===== Enforcing Memory Allocation =====
On the cluster, slurm is configured to treat memory as a "consumable resource". That means that you should be careful to specify how much memory your job needs. By default your job will be allocated 8GB per core that it has requested. By default 1 core is allocated, in which case 8GB of memory would be allocated to your job. If your job attempts to use more than its memory allocation **it will be killed by the operating system**.
You can change the amount of memory your job is allocated using either the “–mem” option, or the “–mem-per-cpu” option on sbatch.
sbatch --mem=20G my_script.bash
or
sbatch -c 2 --mem-per-cpu=10G my_script.bash
You can request all memory on a node (whatever amount that is) using:
sbatch --mem=0 my_script.bash
If you have no idea how much memory your job will use, but are convinced that it will use more than the default amount (8GB per core allocated to the job), then you should run at least one test case using the **--exclusive** option and the "--mem=0" trick to **sbatch** which allocates you a whole node and all the memory on the node. When you job completes you can then use the **sacct** command to find out how much memory it used.

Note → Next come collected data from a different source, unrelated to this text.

(* The complete bipartite graph $K_{2,2}$ is not isomorphic to the rook equivalence graph $G(B)$ of any Ferrers board $B$.
   Context: A Ferrers board is given by a weakly increasing sequence of non-negative integers $B=(b_1,\ldots,b_n)$ of column heights; it is the set of unit cells in the first quadrant lying in column $i$ and rows $1,\ldots,b_i$. Prepending columns of height $0$ on the left does not change the board, and boards are compared using the same number of columns by such padding. A placement of $k$ rooks on $B$ is a set of $k$ cells of $B$ no two in the same row or column; $r_k(B)$ is the number of such placements. Two boards are rook equivalent if they have equal $r_k$ for all $k\ge 0$. The rook equivalence graph $G(B)$ has as vertices all Ferrers boards rook equivalent to $B$, and $\{B_1,B_2\}$ is an edge iff, written with the same number of columns, $B_1$ and $B_2$ differ in exactly two columns $i$ and $j$, where $B_1$ has $k$ more cells than $B_2$ in column $i$ and $k$ fewer cells than $B_2$ in column $j$, for some $k>0$. *)

theory Defs
  imports Main
begin

text \<open>A Ferrers board is a weakly increasing list of column heights.\<close>
definition ferrers :: "nat list \<Rightarrow> bool" where
  "ferrers b \<longleftrightarrow> sorted b"

definition cells :: "nat list \<Rightarrow> (nat \<times> nat) set" where
  "cells b = {(i, j). i < length b \<and> 1 \<le> j \<and> j \<le> b ! i}"

definition rook_placements :: "nat list \<Rightarrow> nat \<Rightarrow> (nat \<times> nat) set set" where
  "rook_placements b k = {P. P \<subseteq> cells b \<and> card P = k \<and>
     (\<forall>p\<in>P. \<forall>q\<in>P. p \<noteq> q \<longrightarrow> fst p \<noteq> fst q \<and> snd p \<noteq> snd q)}"

definition rook_num :: "nat list \<Rightarrow> nat \<Rightarrow> nat" where
  "rook_num b k = card (rook_placements b k)"

definition rook_equiv :: "nat list \<Rightarrow> nat list \<Rightarrow> bool" where
  "rook_equiv b1 b2 \<longleftrightarrow> (\<forall>k. rook_num b1 k = rook_num b2 k)"

definition pad :: "nat \<Rightarrow> nat list \<Rightarrow> nat list" where
  "pad n b = replicate (n - length b) 0 @ b"

text \<open>Canonical representative of a board up to left zero-padding: no zero columns.\<close>
definition reduced_board :: "nat list \<Rightarrow> bool" where
  "reduced_board b \<longleftrightarrow> ferrers b \<and> (\<forall>x\<in>set b. 0 < x)"

definition rook_graph_vertices :: "nat list \<Rightarrow> nat list set" where
  "rook_graph_vertices B = {B'. reduced_board B' \<and> rook_equiv B' B}"

definition rook_graph_edge :: "nat list \<Rightarrow> nat list \<Rightarrow> bool" where
  "rook_graph_edge B1 B2 \<longleftrightarrow>
     (let n = max (length B1) (length B2); c1 = pad n B1; c2 = pad n B2 in
      \<exists>i j k. i < n \<and> j < n \<and> i \<noteq> j \<and> 0 < k \<and>
        c1 ! i = c2 ! i + k \<and> c1 ! j + k = c2 ! j \<and>
        (\<forall>l<n. l \<noteq> i \<longrightarrow> l \<noteq> j \<longrightarrow> c1 ! l = c2 ! l))"

text \<open>K_{2,2} on vertex set {0,1,2,3} with parts {0,1} and {2,3}.\<close>
definition k22_adj :: "nat \<Rightarrow> nat \<Rightarrow> bool" where
  "k22_adj x y \<longleftrightarrow> ((x < 2) \<noteq> (y < 2))"
(* For every $0<\varepsilon\le1$ there exists a function $\hat a\in C^\infty(\mathbb R)$, $\hat a\not\equiv0$, with $\operatorname{supp}\hat a\subset[-2,2]$, such that for every integer $n\ge1$ the trigonometric polynomial $$L_n(\theta):=\sum_{j\in\mathbb Z}\hat a\Big(\frac jn\Big)e^{ij\theta}$$ satisfies $$|L_n(\theta)|\le c\,n\exp\left\{-\frac{c'\varepsilon\, n|\theta|}{[\ln(e+n|\theta|)]^{1+\varepsilon}}\right\},\qquad \theta\in[-\pi,\pi],$$ where $c'>0$ is an absolute constant and $c$ depends only on $\varepsilon$. *)

theory Defs
  imports "HOL-Analysis.Analysis"
begin

definition smooth_real :: "(real \<Rightarrow> real) \<Rightarrow> bool" where
  "smooth_real f \<longleftrightarrow> (\<forall>k x. ((deriv ^^ k) f) differentiable (at x))"

text \<open>The trigonometric polynomial L_n(theta) = sum over j in Z of a(j/n) e^{i j theta};
  the sum over Z is taken literally as an infinite (finitely supported) sum.\<close>
definition Lpoly :: "(real \<Rightarrow> real) \<Rightarrow> nat \<Rightarrow> real \<Rightarrow> complex" where
  "Lpoly a n \<theta> = (\<Sum>\<^sub>\<infinity>j\<in>(UNIV::int set). complex_of_real (a (real_of_int j / real n)) * cis (real_of_int j * \<theta>))"

end

theory Submission
  imports Defs
begin

text \<open>The function \<open>a\<close> is a Hoermander-type bump: the limit of iterated window means of the hat
  function \<open>max 0 (1 - \<bar>x\<bar>)\<close> over windows of half-widths \<open>d 0, d 1, \<dots>\<close> with \<open>\<Sum>i. d i = 1/2\<close>.
  It is smooth, vanishes outside \<open>[-3/2, 3/2]\<close>, and its \<open>k\<close>-th derivative is bounded by
  \<open>\<Prod>i<k. 1 / d i\<close>, which for \<open>2 d i = ln (i + e) powr -\<epsilon> - ln (i + 1 + e) powr -\<epsilon>\<close> is at most
  \<open>(2 (k + e) ln (k + e) powr (1 + \<epsilon>) / \<epsilon>) ^ k\<close>.
  Summation by parts turns \<open>(1 - e^{i\<theta>}) ^ k L_n(\<theta>)\<close> into the trigonometric sum of the \<open>k\<close>-th backward
  difference of \<open>a\<close> with step \<open>1/n\<close>, which the mean value theorem bounds by
  \<open>(4n + k + 1) n^{-k} \<Prod>i<k. 1 / d i\<close>. As \<open>\<bar>1 - e^{i\<theta>}\<bar> \<ge> \<bar>\<theta>\<bar>/3\<close>, choosing
  \<open>k \<approx> \<epsilon> n\<bar>\<theta>\<bar> / (12 e ln (e + n\<bar>\<theta>\<bar>) powr (1 + \<epsilon>))\<close> gives the claimed decay.\<close>

section \<open>Window means and central difference quotients\<close>

definition window_mean :: "real \<Rightarrow> (real \<Rightarrow> real) \<Rightarrow> real \<Rightarrow> real" where
  "window_mean d h x = integral {x-d..x+d} h / (2*d)"

definition central_quotient :: "real \<Rightarrow> (real \<Rightarrow> real) \<Rightarrow> real \<Rightarrow> real" where
  "central_quotient d h x = (h (x+d) - h (x-d)) / (2*d)"

lemma has_real_derivative_primitive:
  assumes "continuous_on UNIV h" "a < u"
  shows "((\<lambda>v. integral {a..v} h) has_real_derivative h u) (at u)"
proof -
  have "((\<lambda>v. integral {a..v} h) has_real_derivative h u) (at u within {a..u+1})"
    using assms by (intro integral_has_real_derivative continuous_on_subset[OF assms(1)]) auto
  moreover have "u \<in> interior {a..u+1}" using assms(2) by simp
  ultimately show ?thesis by (metis at_within_interior)
qed

lemma has_real_derivative_window_mean:
  assumes h: "continuous_on UNIV h" and d: "0 < d"
  shows "(window_mean d h has_real_derivative central_quotient d h x) (at x)"
proof -
  define a where "a = x - d - 1"
  define P where "P v = integral {a..v} h" for v
  have "((\<lambda>y. (P (y + d) - P (y - d)) / (2*d)) has_real_derivative central_quotient d h x) (at x)"
    unfolding central_quotient_def P_def using d
    by (auto intro!: derivative_eq_intros DERIV_chain2[OF has_real_derivative_primitive[OF h]]
             simp: a_def field_simps)
  then show ?thesis
  proof (rule has_field_derivative_transform_within_open[of _ _ _ "ball x 1"])
    fix y assume "y \<in> ball x 1"
    then have y: "a \<le> y - d" using d unfolding a_def mem_ball dist_real_def by linarith
    have "integral {a..y-d} h + integral {y-d..y+d} h = integral {a..y+d} h"
      using y d by (intro Henstock_Kurzweil_Integration.integral_combine
          integrable_continuous_interval continuous_on_subset[OF h]) auto
    then show "(P (y + d) - P (y - d)) / (2*d) = window_mean d h y"
      unfolding window_mean_def P_def by (simp add: algebra_simps)
  qed auto
qed

lemma has_real_derivative_central_quotient:
  assumes "\<And>y. (h has_real_derivative h' y) (at y)"
  shows "(central_quotient d h has_real_derivative central_quotient d h' x) (at x)"
proof -
  have "((\<lambda>y. h (y + d)) has_real_derivative h' (x + d)) (at x)"
       "((\<lambda>y. h (y + - d)) has_real_derivative h' (x + - d)) (at x)"
    using assms DERIV_shift by blast+
  from DERIV_cdivide[OF DERIV_diff[OF this], of "2*d"] show ?thesis
    by (simp add: central_quotient_def[abs_def])
qed

lemma continuous_on_window_mean:
  "continuous_on UNIV h \<Longrightarrow> 0 < d \<Longrightarrow> continuous_on UNIV (window_mean d h)"
  using has_real_derivative_window_mean by (meson DERIV_isCont continuous_at_imp_continuous_on)

lemma continuous_on_central_quotient:
  assumes "continuous_on UNIV h" "0 < d"
  shows "continuous_on UNIV (central_quotient d h)"
  unfolding central_quotient_def[abs_def]
  by (intro continuous_intros continuous_on_compose2[OF assms(1)]) (use assms(2) in auto)

lemma window_mean_diff_le:
  assumes h1: "continuous_on UNIV h1" and h2: "continuous_on UNIV h2" and d: "0 < d"
    and B: "\<And>y. y \<in> {x-d..x+d} \<Longrightarrow> \<bar>h1 y - h2 y\<bar> \<le> B"
  shows "\<bar>window_mean d h1 x - window_mean d h2 x\<bar> \<le> B"
proof -
  have int: "h1 integrable_on {x-d..x+d}" "h2 integrable_on {x-d..x+d}"
    by (intro integrable_continuous_interval continuous_on_subset[OF h1] continuous_on_subset[OF h2]
        subset_UNIV)+
  have "window_mean d h1 x - window_mean d h2 x = integral {x-d..x+d} (\<lambda>y. h1 y - h2 y) / (2*d)"
    by (simp add: window_mean_def integral_diff[OF int] diff_divide_distrib)
  moreover have "norm (integral {x-d..x+d} (\<lambda>y. h1 y - h2 y)) \<le> B * ((x+d) - (x-d))"
    by (rule integral_bound) (use d B in \<open>auto intro!: continuous_intros
        continuous_on_subset[OF h1] continuous_on_subset[OF h2]\<close>)
  ultimately show ?thesis
    using d by (simp add: abs_divide divide_le_eq)
qed

lemma central_quotient_diff_le:
  assumes "0 < d" and "\<And>y. \<bar>h1 y - h2 y\<bar> \<le> B"
  shows "\<bar>central_quotient d h1 x - central_quotient d h2 x\<bar> \<le> B / d"
proof -
  have "\<bar>(h1 (x+d) - h2 (x+d)) - (h1 (x-d) - h2 (x-d))\<bar> \<le> 2 * B"
    using assms(2)[of "x+d"] assms(2)[of "x-d"] by linarith
  then show ?thesis
    using assms(1) unfolding central_quotient_def
    by (simp add: diff_divide_distrib[symmetric] divide_le_eq)
qed

lemma window_mean_vanishes:
  assumes "\<And>y. r < \<bar>y\<bar> \<Longrightarrow> h y = 0" "0 < d" "r + d < \<bar>x\<bar>"
  shows "window_mean d h x = 0"
proof -
  have "integral {x-d..x+d} h = integral {x-d..x+d} (\<lambda>_. 0)"
    using assms by (intro integral_cong) auto
  then show ?thesis by (simp add: window_mean_def)
qed

lemma central_quotient_vanishes:
  assumes "\<And>y. r < \<bar>y\<bar> \<Longrightarrow> h y = 0" "0 < d" "r + d < \<bar>x\<bar>"
  shows "central_quotient d h x = 0"
  using assms(1)[of "x+d"] assms(1)[of "x-d"] assms(2,3) by (simp add: central_quotient_def)

text \<open>With \<open>T i = window_mean (d i)\<close> and \<open>D i = central_quotient (d i)\<close>, the chain
  \<open>foldr (smoothing_op d m) [0..<K] h\<close> is \<open>D 0 (\<dots> D (m - 1) (T m (\<dots> T (K - 1) h)))\<close>; since
  \<open>(T i g)' = D i g\<close> and the operators commute with differentiation, for \<open>m < K\<close> it is the
  \<open>m\<close>-th derivative of \<open>T 0 (\<dots> T (K - 1) h)\<close>.\<close>

definition smoothing_op :: "(nat \<Rightarrow> real) \<Rightarrow> nat \<Rightarrow> nat \<Rightarrow> (real \<Rightarrow> real) \<Rightarrow> real \<Rightarrow> real" where
  "smoothing_op d m i = (if i < m then central_quotient (d i) else window_mean (d i))"

lemma smoothing_op_less: "i < m \<Longrightarrow> smoothing_op d m i = central_quotient (d i)"
  and smoothing_op_ge: "\<not> i < m \<Longrightarrow> smoothing_op d m i = window_mean (d i)"
  by (simp_all add: smoothing_op_def)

If you have previously run jobs on the old cluster (before the 2021 update), you can find out how much memory they used by using the **sacct** command. You can either find the job id of a completed job on the old cluster (perhaps from the slurm-NNNNNN.out file name) and then run a command like this:
sacct -j NNNNNN -o elapsed,MaxRSS
Or you can use your user name and the job name (which defaults to the name of the script you submitted) and get a list of all jobs with the same name as follows. This particular command looks for jobs starting from Jan 1st 2020 (the default start time is the most recent midnight, so you likely will want to specify this option).
sacct --user=chris -S 2020-01-01 --name=myscript.bash --format=JobID,AllocCPUS,elapsed,MaxRSS
The output of this command could be parsed to get the maximum amount of memory used by this particular type of job). (If you use the same script name for multiple different jobs, this will mix them up.)